Patrick Artus (Natixis), qui n’a signé aucune des tribunes, l’a rappelé dans un récent billet. Selon lui, qui souligne pourtant fréquemment les problèmes d’offre en France, à court terme le projet de réforme du marché du travail porte en lui les germes d’un ajustement de l’emploi à la baisse, de freinage des salaires et de l’inflation. Dans la même logique, la mise en place d’une dégressivité des allocations chômage risquerait de déséquilibrer un peu plus l’économie en ponctionnant les forces de soutien de la demande globale.
A l’inverse, la tribune publiée dans Mediapart met le doigt sur l’urgence du soutien conjoncturel de l’économie par la demande, mais sa proposition de défaire le pacte de responsabilité prive la France d’une réponse à ses problèmes de long terme : baisse du solde commercial, des marges des entreprises et de la part de l’industrie dans le PIB, forte sinistralité des entreprises manufacturières, etc.
Réparer l’offre et ménager la demande… sans s’endetter
Garder les mesures de restauration des marges des entreprises sans affaiblir la demande par augmentation des prélèvements sur les ménages, peut être financé à court terme par les déficits publics.
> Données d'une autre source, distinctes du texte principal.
(* Let $n\geq 2$ and let $G$ be a group of type $MC(n)$. Then for every homomorphism $\psi$ from $G$ to the group of orientation-preserving $C^2$ diffeomorphisms of a compact interval $I$, the image $\psi(G)$ is abelian.
   Context: A group $G$ is of type $MC(n)$ if it is nonabelian and has a generating set $\{a_i,b_i\}_{i=1}^n\cup\{c_j\}_{j=1}^{n-1}$ satisfying: (1) $a_ia_j=a_ja_i$, $b_ib_j=b_jb_i$, $c_ic_j=c_jc_i$, $a_ic_j=c_ja_i$ for all $i,j$; (2) $a_ib_j=b_ja_i$ if $i\neq j$; (3) $b_ic_j=c_jb_i$ if $j\neq i,i-1$; (4) $a_ib_ia_i=b_ia_ib_i$ for $1\le i\le n$, and $b_ic_jb_i=c_jb_ic_j$ whenever $j=i$ or $j=i-1$. *)

theory Defs
  imports "HOL-Analysis.Analysis" "HOL-Algebra.Algebra"
begin

definition is_MC_generating :: "('g, 'm) monoid_scheme \<Rightarrow> nat \<Rightarrow>
    (nat \<Rightarrow> 'g) \<Rightarrow> (nat \<Rightarrow> 'g) \<Rightarrow> (nat \<Rightarrow> 'g) \<Rightarrow> bool" where
  "is_MC_generating G n a b c \<longleftrightarrow>
     a ` {1..n} \<subseteq> carrier G \<and> b ` {1..n} \<subseteq> carrier G \<and> c ` {1..n-1} \<subseteq> carrier G \<and>
     generate G (a ` {1..n} \<union> b ` {1..n} \<union> c ` {1..n-1}) = carrier G \<and>
     (\<forall>i\<in>{1..n}. \<forall>j\<in>{1..n}. a i \<otimes>\<^bsub>G\<^esub> a j = a j \<otimes>\<^bsub>G\<^esub> a i) \<and>
     (\<forall>i\<in>{1..n}. \<forall>j\<in>{1..n}. b i \<otimes>\<^bsub>G\<^esub> b j = b j \<otimes>\<^bsub>G\<^esub> b i) \<and>
     (\<forall>i\<in>{1..n-1}. \<forall>j\<in>{1..n-1}. c i \<otimes>\<^bsub>G\<^esub> c j = c j \<otimes>\<^bsub>G\<^esub> c i) \<and>
     (\<forall>i\<in>{1..n}. \<forall>j\<in>{1..n-1}. a i \<otimes>\<^bsub>G\<^esub> c j = c j \<otimes>\<^bsub>G\<^esub> a i) \<and>
     (\<forall>i\<in>{1..n}. \<forall>j\<in>{1..n}. i \<noteq> j \<longrightarrow> a i \<otimes>\<^bsub>G\<^esub> b j = b j \<otimes>\<^bsub>G\<^esub> a i) \<and>
     (\<forall>i\<in>{1..n}. \<forall>j\<in>{1..n-1}. j \<noteq> i \<and> j \<noteq> i - 1 \<longrightarrow>
         b i \<otimes>\<^bsub>G\<^esub> c j = c j \<otimes>\<^bsub>G\<^esub> b i) \<and>
     (\<forall>i\<in>{1..n}. a i \<otimes>\<^bsub>G\<^esub> b i \<otimes>\<^bsub>G\<^esub> a i = b i \<otimes>\<^bsub>G\<^esub> a i \<otimes>\<^bsub>G\<^esub> b i) \<and>
     (\<forall>i\<in>{1..n}. \<forall>j\<in>{1..n-1}. (j = i \<or> j = i - 1) \<longrightarrow>
         b i \<otimes>\<^bsub>G\<^esub> c j \<otimes>\<^bsub>G\<^esub> b i = c j \<otimes>\<^bsub>G\<^esub> b i \<otimes>\<^bsub>G\<^esub> c j)"
(* The Lie algebra $T^*\mathfrak{su}(2)$ has no 5-dimensional Lie subalgebra. Moreover, if $\mathfrak{h}$ is a 4-dimensional Lie subalgebra of $T^*\mathfrak{su}(2)$ which is degenerate with respect to the canonical quadratic form, then there exists an automorphism $F$ of $\mathfrak{su}(2)$ such that $T^*F(\mathfrak{h})=\mathbb{R}e_1\oplus\mathfrak{su}(2)^*$.
   Context: $(e_1,e_2,e_3)$ is the basis of $\mathfrak{su}(2)$ given by $e_1=\frac12\begin{pmatrix}0&i\\ i&0\end{pmatrix}$, $e_2=\frac12\begin{pmatrix}0&1\\-1&0\end{pmatrix}$, $e_3=\frac12\begin{pmatrix}-i&0\\0&i\end{pmatrix}$, with $[e_1,e_2]=e_3$, $[e_2,e_3]=e_1$, $[e_3,e_1]=e_2$. For a Lie algebra $\mathfrak{g}$, $T^*\mathfrak{g}=\mathfrak{g}\oplus\mathfrak{g}^*$ with bracket $[u+\alpha,v+\beta]=[u,v]+\mathrm{ad}_u^*\beta-\mathrm{ad}_v^*\alpha$, where $(\mathrm{ad}_u^*\alpha)(v)=-\alpha([u,v])$, and canonical quadratic form $\langle u+\alpha,v+\beta\rangle=\alpha(v)+\beta(u)$. For an automorphism $F$ of $\mathfrak{g}$, $T^*F$ is the automorphism $u+\alpha\mapsto F(u)+(F^{-1})^*\alpha$ of $T^*\mathfrak{g}$. A subspace is degenerate if the restriction of the form to it is degenerate. *)

theory Defs
  imports "HOL-Analysis.Analysis"
begin

text \<open>su(2) in coordinates w.r.t. the basis (e1,e2,e3): u = u$1 e1 + u$2 e2 + u$3 e3.
  The bracket is determined by [e1,e2]=e3, [e2,e3]=e1, [e3,e1]=e2.\<close>
type_synonym su2 = "real^3"

definition su2_e :: "3 \<Rightarrow> su2" where
  "su2_e i = axis i 1"

definition su2_bracket :: "su2 \<Rightarrow> su2 \<Rightarrow> su2" where
  "su2_bracket u v = vector [u$2 * v$3 - u$3 * v$2, u$3 * v$1 - u$1 * v$3, u$1 * v$2 - u$2 * v$1]"

text \<open>su(2)^* in coordinates w.r.t. the dual basis: alpha(v) = alpha \<bullet> v.\<close>
definition dual_apply :: "su2 \<Rightarrow> su2 \<Rightarrow> real" where
  "dual_apply \<alpha> v = \<alpha> \<bullet> v"

definition coad :: "su2 \<Rightarrow> su2 \<Rightarrow> su2" where
  "coad u \<alpha> = (\<chi> i. - dual_apply \<alpha> (su2_bracket u (su2_e i)))"

type_synonym tsu2 = "su2 \<times> su2"
theorem ppow_add_unit:
  assumes "finite (psupp p)"
  shows "ppow (\<lambda>S. p S + b * mono PEmp S) t S
    = (\<Sum>I\<in>Pow (leaves t). b ^ (deg t - card I) * ppow p (contr t I) S)"
proof (induction t arbitrary: S)
  case PLf
  have "Pow {[] :: nat list} = {{}, {[]}}" by auto
  then show ?case by (simp add: mono_def)
next
  case (PNd ts)
  have "ppow (\<lambda>S. p S + b * mono PEmp S) (PNd ts) S = (\<Sum>I\<in>Pow (leaves (PNd ts)).
      b ^ (deg (PNd ts) - card I)
      * tensor_pair (map (ppow p) (contr_children ts I)) (\<lambda>Ts. if graft Ts = S then 1 else 0))"
    unfolding ppow.simps omega_eq_tensor_pair
    by (rule tensor_pair_ppow_forest[OF assms PNd.IH])
  then show ?case
    by (simp add: contr_PNd ppow_graft[OF assms] omega_eq_tensor_pair)
qed simp

section \<open>Monomials in the variable x - a\<close>

lemma ppow_mono_PLf: "T \<in> PP \<Longrightarrow> ppow (mono PLf) T = mono T"
proof (induction T)
  case (PNd ts)
  then have reduced: "2 \<le> length ts" "\<forall>t\<in>set ts. red_ne t"
    by (auto simp: PP_def)
  with PNd.IH have children: "map (ppow (mono PLf)) ts = map mono ts"
    by (auto simp: PP_def)
  show ?case
    unfolding ppow.simps children by (simp add: omega_map_mono graft_reduced[OF reduced])
qed (simp_all add: mono_def)

lemma xminus_eq: "xminus a = (\<lambda>S. mono PLf S + (- a) * mono PEmp S)"
  by (auto simp: xminus_def mono_def)

lemma mono_PLf_eq: "mono PLf = (\<lambda>S. xminus a S + a * mono PEmp S)"
  by (auto simp: xminus_def mono_def)

lemma finite_psupp_xminus: "finite (psupp (xminus a))"
  by (rule finite_subset[of _ "{PEmp, PLf}"]) (auto simp: psupp_def xminus_def)

lemma ppow_xminus:
  "T \<in> PP \<Longrightarrow> ppow (xminus a) T S = (\<Sum>I\<in>Pow (leaves T). (- a) ^ (deg T - card I) * mono (contr T I) S)"
  unfolding xminus_eq
  by (subst ppow_add_unit) (simp_all add: ppow_mono_PLf contr_in_PP)

lemma ppow_xminus_top_degree:
  assumes "T \<in> PP" "deg T \<le> deg S"
  shows "ppow (xminus a) T S = mono T S"
proof -
  have "(- a) ^ (deg T - card I) * mono (contr T I) S = (if I = leaves T then mono T S else 0)"
    if "I \<subseteq> leaves T" for I
  proof (cases "contr T I = S")
    case True
    with that assms have "I = leaves T"
      using deg_contr eq_leaves_if_deg_le_card by metis
    with True show ?thesis using contr_leaves[OF assms(1)] by simp
  next
    case False
    then show ?thesis
      using contr_leaves[OF assms(1)] by (auto simp: mono_def)
  qed
  then have "ppow (xminus a) T S = (\<Sum>I\<in>Pow (leaves T). if I = leaves T then mono T S else 0)"
    unfolding ppow_xminus[OF assms(1)] by (intro sum.cong) auto
  then show ?thesis by simp
qed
A défaut de remédier au mal récurrent de la dépendance à l’endettement des économies développées sur les dernières décennies, qu’il soit public ou privé, cela amènerait un surplus de croissance bienvenu.
Les contraintes qui ont pesé sur le financement de la dette publique de plusieurs Etats européens n’ont guère laissé la liberté de mener une telle politique. Depuis, le déploiement d’une politique monétaire toujours plus accommodante et la mutation des déséquilibres macroéconomiques (les pays à déficits courants sont devenus excédentaires) dans la zone euro autorise à se poser de nouveau la question.
Il n’est toutefois pas évident qu’une sortie de crise pérenne passe par l’endettement. Le surendettement, public ou privé, est un terreau favorable au développement de crises financières. L’émergence d’une crise de dette qui débouche sur un défaut, et dans une moindre mesure un abaissement des rendements comme c’est le cas dans la zone euro, met de manière cyclique les épargnants à contribution.
L’équation qui reste est difficile à résoudre : renforcer l’offre sans casser la demande ni augmenter l’endettement. Elle exige de traiter le déséquilibre que crée la surcapacité d’épargne d’une partie des agents privés, qui contraint la demande à s’ajuster par l’endettement.